→ **Assigned task**
Return, word for word, the lines of the listing below from the one with "So a generic" through the one with "by (rule comm_groupI)", and no other lines.

==*==

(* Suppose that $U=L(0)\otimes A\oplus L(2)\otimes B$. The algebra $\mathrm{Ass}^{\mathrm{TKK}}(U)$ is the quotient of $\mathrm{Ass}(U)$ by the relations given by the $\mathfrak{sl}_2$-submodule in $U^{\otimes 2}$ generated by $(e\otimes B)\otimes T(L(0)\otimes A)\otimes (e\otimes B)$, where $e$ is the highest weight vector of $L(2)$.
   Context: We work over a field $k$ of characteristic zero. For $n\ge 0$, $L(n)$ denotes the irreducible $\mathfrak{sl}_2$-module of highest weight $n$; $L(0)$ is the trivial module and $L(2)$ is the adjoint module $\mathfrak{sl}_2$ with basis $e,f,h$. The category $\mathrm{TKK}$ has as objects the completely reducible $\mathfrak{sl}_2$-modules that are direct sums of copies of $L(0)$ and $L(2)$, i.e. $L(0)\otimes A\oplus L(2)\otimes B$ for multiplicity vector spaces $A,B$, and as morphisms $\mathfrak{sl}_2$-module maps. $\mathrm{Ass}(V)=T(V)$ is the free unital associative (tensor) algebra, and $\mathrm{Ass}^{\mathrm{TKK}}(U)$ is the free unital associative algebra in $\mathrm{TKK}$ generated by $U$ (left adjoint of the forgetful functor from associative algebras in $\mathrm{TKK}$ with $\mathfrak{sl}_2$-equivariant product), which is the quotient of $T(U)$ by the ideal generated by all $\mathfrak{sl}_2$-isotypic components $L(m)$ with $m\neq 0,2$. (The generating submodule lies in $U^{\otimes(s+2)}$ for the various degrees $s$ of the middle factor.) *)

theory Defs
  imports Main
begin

==*==

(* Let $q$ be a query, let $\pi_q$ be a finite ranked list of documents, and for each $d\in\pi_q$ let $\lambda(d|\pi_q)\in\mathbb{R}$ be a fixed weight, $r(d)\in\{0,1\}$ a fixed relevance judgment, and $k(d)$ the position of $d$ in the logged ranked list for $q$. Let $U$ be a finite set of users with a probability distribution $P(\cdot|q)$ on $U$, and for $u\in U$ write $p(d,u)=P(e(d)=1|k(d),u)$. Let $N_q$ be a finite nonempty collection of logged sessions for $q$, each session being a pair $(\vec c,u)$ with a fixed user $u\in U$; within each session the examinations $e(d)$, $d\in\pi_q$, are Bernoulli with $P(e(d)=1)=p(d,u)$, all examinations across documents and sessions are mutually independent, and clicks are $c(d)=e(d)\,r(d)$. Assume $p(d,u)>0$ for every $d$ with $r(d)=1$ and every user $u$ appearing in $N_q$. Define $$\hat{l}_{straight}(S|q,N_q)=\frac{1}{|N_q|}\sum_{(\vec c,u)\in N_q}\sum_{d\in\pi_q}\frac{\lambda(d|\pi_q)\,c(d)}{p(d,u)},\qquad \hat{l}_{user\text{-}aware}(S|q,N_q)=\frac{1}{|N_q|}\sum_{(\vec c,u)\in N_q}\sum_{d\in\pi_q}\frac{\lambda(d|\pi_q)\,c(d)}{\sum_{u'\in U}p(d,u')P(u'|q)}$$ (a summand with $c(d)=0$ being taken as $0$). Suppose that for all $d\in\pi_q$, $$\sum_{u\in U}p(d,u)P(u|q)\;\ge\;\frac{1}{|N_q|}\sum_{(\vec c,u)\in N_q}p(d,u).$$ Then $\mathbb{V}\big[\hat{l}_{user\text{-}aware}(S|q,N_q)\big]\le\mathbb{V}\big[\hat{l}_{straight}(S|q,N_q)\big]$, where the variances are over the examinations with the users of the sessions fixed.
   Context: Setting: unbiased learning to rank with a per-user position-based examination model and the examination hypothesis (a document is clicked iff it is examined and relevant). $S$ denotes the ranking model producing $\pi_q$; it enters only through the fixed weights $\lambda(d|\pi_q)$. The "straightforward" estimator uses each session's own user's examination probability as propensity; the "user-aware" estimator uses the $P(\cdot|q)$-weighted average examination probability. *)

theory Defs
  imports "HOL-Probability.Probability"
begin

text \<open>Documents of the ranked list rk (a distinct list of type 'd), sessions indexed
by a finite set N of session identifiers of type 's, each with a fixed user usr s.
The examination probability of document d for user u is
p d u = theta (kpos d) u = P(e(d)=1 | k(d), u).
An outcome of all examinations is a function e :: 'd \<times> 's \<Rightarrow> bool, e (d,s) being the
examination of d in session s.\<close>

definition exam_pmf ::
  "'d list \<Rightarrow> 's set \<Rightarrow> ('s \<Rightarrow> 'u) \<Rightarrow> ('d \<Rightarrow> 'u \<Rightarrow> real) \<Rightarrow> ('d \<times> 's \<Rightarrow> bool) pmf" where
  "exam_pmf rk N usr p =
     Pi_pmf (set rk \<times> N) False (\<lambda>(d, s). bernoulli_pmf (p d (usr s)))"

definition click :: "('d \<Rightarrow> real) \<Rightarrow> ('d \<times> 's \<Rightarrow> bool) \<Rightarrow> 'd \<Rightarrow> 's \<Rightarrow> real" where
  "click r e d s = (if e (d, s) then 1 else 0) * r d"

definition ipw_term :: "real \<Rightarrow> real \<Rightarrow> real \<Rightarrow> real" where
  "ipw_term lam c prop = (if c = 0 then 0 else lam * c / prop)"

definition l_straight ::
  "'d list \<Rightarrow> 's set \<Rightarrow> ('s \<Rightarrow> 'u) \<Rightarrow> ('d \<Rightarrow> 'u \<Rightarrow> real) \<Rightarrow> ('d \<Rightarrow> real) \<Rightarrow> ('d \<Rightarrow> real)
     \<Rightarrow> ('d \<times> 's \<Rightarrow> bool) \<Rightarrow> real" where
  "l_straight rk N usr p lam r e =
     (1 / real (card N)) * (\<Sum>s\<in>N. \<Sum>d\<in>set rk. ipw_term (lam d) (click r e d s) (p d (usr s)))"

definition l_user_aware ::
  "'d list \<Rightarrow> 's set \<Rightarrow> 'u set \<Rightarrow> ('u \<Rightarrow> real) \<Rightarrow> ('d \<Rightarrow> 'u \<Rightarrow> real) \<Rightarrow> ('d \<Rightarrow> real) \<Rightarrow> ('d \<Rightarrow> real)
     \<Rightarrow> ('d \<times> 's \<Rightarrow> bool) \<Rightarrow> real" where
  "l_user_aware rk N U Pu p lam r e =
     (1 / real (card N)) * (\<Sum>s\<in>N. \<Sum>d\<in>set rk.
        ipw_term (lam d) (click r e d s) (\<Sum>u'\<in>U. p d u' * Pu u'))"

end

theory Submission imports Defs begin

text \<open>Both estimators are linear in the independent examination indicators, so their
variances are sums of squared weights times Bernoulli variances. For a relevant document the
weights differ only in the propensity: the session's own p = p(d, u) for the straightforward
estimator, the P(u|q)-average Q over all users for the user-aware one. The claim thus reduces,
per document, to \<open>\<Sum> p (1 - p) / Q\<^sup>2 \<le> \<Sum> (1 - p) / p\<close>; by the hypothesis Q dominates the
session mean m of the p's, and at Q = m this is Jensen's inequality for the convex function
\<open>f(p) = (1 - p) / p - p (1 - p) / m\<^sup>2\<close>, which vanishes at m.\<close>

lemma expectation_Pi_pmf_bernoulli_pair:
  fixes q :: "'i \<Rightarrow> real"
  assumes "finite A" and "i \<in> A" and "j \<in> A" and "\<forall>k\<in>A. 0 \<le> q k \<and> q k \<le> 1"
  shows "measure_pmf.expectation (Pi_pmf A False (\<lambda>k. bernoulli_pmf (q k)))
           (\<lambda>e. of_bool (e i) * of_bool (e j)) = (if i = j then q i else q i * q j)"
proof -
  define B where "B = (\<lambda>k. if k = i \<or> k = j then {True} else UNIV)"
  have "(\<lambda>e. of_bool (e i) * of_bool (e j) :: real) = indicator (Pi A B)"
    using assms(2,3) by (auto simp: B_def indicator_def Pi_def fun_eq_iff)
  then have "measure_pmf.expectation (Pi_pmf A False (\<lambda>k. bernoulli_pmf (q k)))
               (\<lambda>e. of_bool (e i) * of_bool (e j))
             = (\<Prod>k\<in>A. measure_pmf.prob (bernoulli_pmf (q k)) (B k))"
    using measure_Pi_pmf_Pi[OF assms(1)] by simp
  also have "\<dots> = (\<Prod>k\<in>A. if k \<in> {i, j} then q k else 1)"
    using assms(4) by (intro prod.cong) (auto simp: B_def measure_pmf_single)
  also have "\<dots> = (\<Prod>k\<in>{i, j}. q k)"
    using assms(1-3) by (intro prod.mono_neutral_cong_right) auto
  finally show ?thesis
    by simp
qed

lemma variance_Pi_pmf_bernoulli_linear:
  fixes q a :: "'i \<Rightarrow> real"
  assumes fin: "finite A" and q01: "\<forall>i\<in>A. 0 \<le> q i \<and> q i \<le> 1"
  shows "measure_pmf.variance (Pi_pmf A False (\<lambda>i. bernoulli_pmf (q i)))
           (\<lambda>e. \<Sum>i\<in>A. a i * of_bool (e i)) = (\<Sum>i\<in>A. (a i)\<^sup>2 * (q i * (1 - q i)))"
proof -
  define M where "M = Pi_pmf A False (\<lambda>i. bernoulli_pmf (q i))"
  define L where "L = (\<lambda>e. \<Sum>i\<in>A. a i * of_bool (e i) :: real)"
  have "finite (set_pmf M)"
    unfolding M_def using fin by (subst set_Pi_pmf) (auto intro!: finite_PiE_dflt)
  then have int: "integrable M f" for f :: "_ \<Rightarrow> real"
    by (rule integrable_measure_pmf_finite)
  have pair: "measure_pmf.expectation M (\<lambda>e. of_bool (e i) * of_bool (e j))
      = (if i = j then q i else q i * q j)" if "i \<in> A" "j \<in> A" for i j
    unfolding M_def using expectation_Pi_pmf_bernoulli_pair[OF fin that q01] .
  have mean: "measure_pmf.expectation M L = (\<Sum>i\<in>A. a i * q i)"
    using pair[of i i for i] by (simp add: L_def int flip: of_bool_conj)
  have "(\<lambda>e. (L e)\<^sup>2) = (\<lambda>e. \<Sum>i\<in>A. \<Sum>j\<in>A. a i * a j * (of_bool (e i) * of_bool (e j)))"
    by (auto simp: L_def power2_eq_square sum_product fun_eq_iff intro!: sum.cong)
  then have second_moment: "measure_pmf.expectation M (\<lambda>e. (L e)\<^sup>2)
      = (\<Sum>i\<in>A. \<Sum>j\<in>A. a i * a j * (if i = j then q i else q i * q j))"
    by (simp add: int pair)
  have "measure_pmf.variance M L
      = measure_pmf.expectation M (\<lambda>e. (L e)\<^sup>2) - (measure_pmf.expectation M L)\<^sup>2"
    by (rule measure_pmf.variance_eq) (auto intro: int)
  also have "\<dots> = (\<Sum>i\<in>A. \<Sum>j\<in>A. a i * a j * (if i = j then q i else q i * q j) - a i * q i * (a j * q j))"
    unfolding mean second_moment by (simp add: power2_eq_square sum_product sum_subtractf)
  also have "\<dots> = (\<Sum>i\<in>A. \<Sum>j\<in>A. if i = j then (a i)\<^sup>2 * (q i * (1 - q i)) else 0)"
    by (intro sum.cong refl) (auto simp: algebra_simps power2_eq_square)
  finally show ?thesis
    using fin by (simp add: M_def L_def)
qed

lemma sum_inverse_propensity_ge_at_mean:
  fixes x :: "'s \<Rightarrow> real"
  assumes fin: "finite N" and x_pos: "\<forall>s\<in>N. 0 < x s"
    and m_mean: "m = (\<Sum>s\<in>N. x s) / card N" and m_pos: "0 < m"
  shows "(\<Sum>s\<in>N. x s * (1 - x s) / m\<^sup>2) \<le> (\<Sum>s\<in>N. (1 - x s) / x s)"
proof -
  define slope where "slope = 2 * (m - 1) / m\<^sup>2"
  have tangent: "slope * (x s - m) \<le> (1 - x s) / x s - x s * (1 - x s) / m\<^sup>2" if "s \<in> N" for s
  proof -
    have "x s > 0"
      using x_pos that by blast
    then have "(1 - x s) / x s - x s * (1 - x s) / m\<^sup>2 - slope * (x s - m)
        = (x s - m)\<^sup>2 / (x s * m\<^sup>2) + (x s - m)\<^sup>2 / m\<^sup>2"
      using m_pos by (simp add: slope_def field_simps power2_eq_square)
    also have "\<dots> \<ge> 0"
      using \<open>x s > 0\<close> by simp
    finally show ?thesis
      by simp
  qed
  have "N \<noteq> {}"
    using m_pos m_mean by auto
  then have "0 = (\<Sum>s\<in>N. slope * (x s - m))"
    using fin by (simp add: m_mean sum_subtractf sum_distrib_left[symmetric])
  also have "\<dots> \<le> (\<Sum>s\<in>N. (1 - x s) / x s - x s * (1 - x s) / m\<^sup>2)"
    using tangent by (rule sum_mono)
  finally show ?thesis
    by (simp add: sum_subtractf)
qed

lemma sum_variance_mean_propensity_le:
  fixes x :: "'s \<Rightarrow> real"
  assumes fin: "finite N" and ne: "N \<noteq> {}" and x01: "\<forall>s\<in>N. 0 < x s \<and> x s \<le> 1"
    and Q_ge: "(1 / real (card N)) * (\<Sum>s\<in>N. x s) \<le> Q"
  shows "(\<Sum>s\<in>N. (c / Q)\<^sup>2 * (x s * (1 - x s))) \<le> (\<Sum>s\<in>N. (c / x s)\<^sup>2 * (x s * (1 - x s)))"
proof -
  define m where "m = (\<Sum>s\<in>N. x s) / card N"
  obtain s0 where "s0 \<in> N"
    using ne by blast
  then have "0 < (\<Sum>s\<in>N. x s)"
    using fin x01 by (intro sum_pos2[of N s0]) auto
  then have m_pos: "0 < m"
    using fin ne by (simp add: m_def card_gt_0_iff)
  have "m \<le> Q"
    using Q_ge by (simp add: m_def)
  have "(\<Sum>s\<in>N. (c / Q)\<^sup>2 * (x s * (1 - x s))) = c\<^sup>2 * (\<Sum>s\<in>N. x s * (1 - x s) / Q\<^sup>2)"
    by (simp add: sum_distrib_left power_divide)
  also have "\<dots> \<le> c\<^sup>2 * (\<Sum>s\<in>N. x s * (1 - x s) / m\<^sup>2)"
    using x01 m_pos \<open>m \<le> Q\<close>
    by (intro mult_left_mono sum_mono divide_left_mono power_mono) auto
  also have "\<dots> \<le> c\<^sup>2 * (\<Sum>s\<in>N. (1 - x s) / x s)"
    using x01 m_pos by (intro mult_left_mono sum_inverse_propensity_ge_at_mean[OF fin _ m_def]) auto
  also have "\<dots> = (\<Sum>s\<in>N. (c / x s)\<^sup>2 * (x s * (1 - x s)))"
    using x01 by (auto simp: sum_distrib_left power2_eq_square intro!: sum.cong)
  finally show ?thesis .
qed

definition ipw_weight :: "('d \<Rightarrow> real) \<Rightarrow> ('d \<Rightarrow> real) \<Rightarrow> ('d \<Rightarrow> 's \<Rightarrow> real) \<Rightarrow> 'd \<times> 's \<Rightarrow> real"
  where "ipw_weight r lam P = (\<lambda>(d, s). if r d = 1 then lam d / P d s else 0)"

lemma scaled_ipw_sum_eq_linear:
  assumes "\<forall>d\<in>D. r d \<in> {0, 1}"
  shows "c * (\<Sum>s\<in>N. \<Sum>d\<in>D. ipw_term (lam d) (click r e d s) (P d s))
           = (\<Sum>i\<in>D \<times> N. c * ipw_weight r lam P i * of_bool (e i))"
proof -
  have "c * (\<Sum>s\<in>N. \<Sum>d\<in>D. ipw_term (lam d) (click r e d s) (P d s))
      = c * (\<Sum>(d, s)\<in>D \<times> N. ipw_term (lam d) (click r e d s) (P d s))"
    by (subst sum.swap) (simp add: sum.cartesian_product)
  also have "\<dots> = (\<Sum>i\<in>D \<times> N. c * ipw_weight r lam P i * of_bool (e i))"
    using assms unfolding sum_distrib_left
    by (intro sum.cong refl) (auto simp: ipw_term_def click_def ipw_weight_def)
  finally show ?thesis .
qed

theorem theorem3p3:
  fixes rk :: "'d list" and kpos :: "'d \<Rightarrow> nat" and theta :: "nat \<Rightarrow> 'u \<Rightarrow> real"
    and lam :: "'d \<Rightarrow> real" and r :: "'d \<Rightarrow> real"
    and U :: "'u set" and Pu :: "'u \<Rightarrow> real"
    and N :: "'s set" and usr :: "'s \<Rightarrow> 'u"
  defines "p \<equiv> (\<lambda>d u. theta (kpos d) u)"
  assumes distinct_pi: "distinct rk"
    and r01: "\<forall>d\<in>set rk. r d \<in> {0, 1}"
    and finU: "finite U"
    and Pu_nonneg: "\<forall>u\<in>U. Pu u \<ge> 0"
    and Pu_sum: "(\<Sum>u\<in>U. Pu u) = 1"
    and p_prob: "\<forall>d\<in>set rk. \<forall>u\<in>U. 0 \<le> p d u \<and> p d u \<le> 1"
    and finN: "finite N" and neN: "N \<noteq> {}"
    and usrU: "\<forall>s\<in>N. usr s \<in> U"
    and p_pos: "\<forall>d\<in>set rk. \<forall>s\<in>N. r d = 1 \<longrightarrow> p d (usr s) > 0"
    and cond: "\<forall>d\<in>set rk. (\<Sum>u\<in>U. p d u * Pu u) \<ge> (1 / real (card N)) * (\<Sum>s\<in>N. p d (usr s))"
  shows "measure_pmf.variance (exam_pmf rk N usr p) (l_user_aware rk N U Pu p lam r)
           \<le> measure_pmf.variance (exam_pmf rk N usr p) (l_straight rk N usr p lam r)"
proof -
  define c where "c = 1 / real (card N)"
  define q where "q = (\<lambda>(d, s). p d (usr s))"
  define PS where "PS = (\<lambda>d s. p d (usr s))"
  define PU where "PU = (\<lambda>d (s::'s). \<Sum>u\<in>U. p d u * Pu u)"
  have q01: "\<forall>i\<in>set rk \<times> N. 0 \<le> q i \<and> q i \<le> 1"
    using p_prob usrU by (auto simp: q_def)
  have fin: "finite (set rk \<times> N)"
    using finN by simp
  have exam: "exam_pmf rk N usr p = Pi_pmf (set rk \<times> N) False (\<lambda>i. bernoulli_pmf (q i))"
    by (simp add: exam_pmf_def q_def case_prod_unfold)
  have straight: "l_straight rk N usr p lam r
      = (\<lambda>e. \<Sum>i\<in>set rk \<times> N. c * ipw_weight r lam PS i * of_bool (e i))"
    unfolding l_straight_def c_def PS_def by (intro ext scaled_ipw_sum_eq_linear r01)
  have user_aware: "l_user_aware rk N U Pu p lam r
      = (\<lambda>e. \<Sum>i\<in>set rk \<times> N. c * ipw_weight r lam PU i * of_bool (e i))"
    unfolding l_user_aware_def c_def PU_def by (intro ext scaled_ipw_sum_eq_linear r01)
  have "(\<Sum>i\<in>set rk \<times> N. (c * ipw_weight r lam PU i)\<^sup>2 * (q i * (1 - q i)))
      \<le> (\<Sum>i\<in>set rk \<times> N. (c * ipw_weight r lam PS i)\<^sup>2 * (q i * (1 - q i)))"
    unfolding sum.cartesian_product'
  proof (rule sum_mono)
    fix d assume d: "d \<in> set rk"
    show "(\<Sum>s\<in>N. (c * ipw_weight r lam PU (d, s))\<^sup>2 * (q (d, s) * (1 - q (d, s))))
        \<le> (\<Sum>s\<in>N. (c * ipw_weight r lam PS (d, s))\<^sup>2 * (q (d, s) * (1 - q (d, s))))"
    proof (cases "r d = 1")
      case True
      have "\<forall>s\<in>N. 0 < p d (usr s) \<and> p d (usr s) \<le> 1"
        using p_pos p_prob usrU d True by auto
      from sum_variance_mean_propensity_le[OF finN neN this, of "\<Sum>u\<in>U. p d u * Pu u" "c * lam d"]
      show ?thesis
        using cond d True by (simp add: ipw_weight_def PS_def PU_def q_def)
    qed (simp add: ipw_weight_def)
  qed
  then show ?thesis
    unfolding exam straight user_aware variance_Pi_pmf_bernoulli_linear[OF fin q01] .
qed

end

==*==

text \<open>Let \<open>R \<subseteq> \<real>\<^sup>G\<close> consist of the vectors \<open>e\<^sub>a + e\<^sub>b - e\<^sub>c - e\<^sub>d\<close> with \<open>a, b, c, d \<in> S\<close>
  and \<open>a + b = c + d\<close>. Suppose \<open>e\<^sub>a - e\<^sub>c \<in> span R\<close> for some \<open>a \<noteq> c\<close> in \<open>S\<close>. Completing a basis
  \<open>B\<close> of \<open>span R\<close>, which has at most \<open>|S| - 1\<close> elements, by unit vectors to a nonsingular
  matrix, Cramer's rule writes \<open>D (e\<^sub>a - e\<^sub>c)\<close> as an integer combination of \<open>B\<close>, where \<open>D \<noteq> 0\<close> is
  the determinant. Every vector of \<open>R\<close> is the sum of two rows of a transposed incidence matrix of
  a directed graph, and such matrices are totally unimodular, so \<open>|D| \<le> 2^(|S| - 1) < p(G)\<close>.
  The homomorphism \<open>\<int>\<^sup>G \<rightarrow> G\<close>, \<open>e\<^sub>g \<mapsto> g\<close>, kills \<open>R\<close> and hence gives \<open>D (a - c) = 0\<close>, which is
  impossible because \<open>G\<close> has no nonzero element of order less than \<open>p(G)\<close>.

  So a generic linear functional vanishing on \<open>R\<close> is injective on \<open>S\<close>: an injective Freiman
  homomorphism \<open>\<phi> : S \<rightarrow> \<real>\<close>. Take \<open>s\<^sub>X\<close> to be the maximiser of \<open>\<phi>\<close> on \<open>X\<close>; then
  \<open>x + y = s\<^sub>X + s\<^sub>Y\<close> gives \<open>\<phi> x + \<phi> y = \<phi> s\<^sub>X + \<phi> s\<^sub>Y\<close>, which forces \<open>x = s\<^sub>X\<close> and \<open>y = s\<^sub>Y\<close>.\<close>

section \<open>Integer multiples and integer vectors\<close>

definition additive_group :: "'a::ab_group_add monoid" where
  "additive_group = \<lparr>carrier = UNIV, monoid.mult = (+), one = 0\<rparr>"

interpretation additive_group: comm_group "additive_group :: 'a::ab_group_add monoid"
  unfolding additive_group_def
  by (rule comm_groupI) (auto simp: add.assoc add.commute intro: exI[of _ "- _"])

==*==

→ **Task solution**
  So a generic linear functional vanishing on \<open>R\<close> is injective on \<open>S\<close>: an injective Freiman
  homomorphism \<open>\<phi> : S \<rightarrow> \<real>\<close>. Take \<open>s\<^sub>X\<close> to be the maximiser of \<open>\<phi>\<close> on \<open>X\<close>; then
  \<open>x + y = s\<^sub>X + s\<^sub>Y\<close> gives \<open>\<phi> x + \<phi> y = \<phi> s\<^sub>X + \<phi> s\<^sub>Y\<close>, which forces \<open>x = s\<^sub>X\<close> and \<open>y = s\<^sub>Y\<close>.\<close>

section \<open>Integer multiples and integer vectors\<close>

definition additive_group :: "'a::ab_group_add monoid" where
  "additive_group = \<lparr>carrier = UNIV, monoid.mult = (+), one = 0\<rparr>"

interpretation additive_group: comm_group "additive_group :: 'a::ab_group_add monoid"
  unfolding additive_group_def
  by (rule comm_groupI) (auto simp: add.assoc add.commute intro: exI[of _ "- _"])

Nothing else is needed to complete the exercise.